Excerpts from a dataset
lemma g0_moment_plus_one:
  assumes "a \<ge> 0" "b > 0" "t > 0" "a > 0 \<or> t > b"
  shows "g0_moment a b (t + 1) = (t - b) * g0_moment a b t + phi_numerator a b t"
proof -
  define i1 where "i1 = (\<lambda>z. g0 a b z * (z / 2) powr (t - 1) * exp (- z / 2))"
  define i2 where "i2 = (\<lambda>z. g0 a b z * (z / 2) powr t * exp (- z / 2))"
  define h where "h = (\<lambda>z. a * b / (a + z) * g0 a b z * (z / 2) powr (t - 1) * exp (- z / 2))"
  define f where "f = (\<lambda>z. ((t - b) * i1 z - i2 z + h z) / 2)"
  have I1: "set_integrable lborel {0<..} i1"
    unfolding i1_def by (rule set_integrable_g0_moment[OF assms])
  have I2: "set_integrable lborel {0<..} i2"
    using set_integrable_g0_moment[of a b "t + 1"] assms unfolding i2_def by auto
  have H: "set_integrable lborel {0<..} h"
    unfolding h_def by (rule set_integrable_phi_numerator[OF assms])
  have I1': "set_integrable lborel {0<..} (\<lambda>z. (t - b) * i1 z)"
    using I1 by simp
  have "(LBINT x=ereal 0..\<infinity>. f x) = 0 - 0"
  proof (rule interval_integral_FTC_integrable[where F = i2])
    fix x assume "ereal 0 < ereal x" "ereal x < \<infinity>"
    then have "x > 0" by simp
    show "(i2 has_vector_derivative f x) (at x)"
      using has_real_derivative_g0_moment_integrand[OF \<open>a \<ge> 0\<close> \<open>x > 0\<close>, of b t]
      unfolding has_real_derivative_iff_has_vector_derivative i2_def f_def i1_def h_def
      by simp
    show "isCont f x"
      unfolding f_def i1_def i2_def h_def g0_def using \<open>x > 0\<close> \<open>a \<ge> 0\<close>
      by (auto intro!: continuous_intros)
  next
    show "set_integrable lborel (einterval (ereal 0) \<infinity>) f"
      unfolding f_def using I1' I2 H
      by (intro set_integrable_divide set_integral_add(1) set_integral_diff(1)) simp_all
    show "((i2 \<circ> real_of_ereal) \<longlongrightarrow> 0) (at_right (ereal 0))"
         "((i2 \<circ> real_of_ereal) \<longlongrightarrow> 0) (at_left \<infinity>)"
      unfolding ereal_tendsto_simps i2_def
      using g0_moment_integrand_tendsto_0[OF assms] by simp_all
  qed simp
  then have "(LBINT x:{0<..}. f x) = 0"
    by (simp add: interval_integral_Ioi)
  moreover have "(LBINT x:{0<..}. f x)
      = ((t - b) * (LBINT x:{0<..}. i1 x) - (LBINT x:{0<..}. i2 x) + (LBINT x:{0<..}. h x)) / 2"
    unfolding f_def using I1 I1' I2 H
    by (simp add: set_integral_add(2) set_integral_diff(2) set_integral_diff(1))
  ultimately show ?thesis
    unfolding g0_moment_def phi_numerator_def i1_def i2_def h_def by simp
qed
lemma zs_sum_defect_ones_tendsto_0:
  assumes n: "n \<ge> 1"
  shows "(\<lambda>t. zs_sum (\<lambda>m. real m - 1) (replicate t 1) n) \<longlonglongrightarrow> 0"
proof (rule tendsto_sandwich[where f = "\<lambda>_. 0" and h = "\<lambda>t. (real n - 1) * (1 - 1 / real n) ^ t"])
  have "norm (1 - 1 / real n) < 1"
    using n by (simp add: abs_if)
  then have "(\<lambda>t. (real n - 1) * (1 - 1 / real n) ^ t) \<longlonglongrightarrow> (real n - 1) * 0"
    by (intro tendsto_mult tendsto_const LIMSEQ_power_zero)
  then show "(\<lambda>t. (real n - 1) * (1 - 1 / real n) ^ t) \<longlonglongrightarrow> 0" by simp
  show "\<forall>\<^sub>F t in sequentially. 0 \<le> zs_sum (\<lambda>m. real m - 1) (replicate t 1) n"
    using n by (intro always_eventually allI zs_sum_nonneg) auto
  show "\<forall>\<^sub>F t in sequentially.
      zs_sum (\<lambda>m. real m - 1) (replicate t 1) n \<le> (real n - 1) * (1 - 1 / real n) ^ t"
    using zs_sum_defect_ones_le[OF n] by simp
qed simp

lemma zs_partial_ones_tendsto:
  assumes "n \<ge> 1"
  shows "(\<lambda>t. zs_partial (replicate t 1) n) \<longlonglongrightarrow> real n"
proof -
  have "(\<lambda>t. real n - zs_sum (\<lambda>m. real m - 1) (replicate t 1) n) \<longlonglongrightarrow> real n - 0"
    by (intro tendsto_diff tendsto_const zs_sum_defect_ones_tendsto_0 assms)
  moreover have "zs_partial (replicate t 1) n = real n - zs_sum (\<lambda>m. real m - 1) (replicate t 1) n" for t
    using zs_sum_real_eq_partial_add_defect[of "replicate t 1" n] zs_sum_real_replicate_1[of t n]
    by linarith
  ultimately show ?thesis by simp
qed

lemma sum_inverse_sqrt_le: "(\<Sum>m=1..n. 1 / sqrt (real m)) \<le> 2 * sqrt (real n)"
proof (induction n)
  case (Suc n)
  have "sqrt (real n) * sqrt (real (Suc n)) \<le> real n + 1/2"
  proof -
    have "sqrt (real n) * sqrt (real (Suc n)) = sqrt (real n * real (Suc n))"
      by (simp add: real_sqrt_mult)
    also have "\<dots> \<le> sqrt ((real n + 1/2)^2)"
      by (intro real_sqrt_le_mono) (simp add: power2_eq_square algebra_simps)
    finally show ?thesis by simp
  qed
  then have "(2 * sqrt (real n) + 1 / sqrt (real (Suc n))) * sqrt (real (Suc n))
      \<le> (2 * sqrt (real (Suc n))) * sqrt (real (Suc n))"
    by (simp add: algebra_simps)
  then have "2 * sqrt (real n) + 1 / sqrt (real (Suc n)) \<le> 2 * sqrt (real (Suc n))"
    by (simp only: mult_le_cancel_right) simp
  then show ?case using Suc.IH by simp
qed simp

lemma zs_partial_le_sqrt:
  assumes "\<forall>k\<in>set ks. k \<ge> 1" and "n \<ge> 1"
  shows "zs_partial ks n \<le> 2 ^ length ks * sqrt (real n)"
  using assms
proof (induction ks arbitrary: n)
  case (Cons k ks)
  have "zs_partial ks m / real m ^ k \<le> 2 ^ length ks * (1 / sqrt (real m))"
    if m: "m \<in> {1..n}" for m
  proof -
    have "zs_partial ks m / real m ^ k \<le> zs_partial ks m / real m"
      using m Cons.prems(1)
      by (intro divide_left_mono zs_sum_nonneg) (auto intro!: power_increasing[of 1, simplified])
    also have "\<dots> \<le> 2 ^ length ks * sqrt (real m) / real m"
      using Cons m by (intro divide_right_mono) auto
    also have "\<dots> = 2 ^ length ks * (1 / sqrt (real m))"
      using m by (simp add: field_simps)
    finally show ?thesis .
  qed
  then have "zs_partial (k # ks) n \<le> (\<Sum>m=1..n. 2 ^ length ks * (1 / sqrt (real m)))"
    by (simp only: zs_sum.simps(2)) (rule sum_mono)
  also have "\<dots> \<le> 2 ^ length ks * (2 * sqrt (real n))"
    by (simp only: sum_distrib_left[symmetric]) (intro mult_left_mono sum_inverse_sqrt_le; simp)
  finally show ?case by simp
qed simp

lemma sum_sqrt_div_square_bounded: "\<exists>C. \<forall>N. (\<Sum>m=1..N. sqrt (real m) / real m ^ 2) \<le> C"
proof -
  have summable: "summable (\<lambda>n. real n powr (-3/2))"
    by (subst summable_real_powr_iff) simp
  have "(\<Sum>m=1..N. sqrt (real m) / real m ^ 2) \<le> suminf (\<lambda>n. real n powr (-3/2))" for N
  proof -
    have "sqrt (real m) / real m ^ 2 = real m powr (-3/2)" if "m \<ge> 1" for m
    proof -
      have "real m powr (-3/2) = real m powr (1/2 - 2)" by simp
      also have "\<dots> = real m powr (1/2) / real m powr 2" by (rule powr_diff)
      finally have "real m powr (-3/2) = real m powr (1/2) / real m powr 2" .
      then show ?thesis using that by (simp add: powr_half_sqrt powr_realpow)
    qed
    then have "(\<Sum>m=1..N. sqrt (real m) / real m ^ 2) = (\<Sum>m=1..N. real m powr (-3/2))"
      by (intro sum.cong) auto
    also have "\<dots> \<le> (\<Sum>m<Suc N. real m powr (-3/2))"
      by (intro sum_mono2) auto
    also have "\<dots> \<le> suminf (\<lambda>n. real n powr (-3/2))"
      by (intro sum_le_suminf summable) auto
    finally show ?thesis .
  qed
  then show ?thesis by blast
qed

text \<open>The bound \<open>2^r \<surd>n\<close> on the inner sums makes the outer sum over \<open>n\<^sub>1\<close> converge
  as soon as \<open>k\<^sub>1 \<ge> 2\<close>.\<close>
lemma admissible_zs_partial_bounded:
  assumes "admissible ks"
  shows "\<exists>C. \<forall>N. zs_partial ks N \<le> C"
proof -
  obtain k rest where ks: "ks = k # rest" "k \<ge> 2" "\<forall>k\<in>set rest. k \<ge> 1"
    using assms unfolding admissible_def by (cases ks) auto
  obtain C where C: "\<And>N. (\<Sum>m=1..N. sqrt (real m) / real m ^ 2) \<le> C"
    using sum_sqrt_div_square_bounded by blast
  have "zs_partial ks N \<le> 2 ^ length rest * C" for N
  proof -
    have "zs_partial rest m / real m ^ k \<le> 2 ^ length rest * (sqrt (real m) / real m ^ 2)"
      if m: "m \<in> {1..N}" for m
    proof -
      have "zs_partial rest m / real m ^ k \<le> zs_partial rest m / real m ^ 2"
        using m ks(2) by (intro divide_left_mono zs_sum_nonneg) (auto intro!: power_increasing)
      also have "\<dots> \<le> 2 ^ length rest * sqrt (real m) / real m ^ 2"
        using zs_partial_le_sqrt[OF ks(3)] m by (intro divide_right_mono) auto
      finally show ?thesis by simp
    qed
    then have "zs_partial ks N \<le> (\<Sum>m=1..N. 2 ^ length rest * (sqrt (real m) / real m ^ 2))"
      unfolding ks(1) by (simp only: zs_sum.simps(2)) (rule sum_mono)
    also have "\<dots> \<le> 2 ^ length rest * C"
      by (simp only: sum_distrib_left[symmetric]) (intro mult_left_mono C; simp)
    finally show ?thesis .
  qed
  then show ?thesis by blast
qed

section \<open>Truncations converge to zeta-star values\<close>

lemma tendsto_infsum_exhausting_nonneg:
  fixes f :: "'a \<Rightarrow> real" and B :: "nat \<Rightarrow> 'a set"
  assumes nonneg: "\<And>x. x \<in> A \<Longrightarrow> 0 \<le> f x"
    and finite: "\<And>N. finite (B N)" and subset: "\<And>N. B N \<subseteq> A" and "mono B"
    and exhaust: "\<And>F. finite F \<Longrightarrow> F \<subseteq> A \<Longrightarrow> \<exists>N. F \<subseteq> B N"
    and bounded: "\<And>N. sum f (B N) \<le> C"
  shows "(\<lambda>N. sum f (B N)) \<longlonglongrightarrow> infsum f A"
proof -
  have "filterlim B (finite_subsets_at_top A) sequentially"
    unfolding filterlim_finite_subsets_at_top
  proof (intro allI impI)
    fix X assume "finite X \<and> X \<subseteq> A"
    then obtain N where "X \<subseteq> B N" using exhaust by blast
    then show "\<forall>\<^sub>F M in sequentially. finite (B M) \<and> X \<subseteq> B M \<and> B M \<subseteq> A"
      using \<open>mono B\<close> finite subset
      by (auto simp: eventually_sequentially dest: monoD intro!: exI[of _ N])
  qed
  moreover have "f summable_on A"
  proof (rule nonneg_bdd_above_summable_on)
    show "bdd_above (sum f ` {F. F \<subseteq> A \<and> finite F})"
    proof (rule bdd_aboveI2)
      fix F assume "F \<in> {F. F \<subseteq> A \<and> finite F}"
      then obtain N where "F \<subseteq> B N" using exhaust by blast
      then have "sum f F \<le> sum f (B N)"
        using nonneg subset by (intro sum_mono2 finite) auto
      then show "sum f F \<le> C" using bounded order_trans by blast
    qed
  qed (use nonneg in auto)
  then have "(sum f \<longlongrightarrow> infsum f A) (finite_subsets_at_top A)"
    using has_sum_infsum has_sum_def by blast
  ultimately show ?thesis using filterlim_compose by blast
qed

■ **Action item**
Only those lines of the entries above that run from the line containing "B N \<subseteq>" to the line containing "using \<open>mono B\<close>", both included, should be transcribed exactly.

■ **Answer section**
    and finite: "\<And>N. finite (B N)" and subset: "\<And>N. B N \<subseteq> A" and "mono B"
    and exhaust: "\<And>F. finite F \<Longrightarrow> F \<subseteq> A \<Longrightarrow> \<exists>N. F \<subseteq> B N"
    and bounded: "\<And>N. sum f (B N) \<le> C"
  shows "(\<lambda>N. sum f (B N)) \<longlonglongrightarrow> infsum f A"
proof -
  have "filterlim B (finite_subsets_at_top A) sequentially"
    unfolding filterlim_finite_subsets_at_top
  proof (intro allI impI)
    fix X assume "finite X \<and> X \<subseteq> A"
    then obtain N where "X \<subseteq> B N" using exhaust by blast
    then show "\<forall>\<^sub>F M in sequentially. finite (B M) \<and> X \<subseteq> B M \<and> B M \<subseteq> A"
      using \<open>mono B\<close> finite subset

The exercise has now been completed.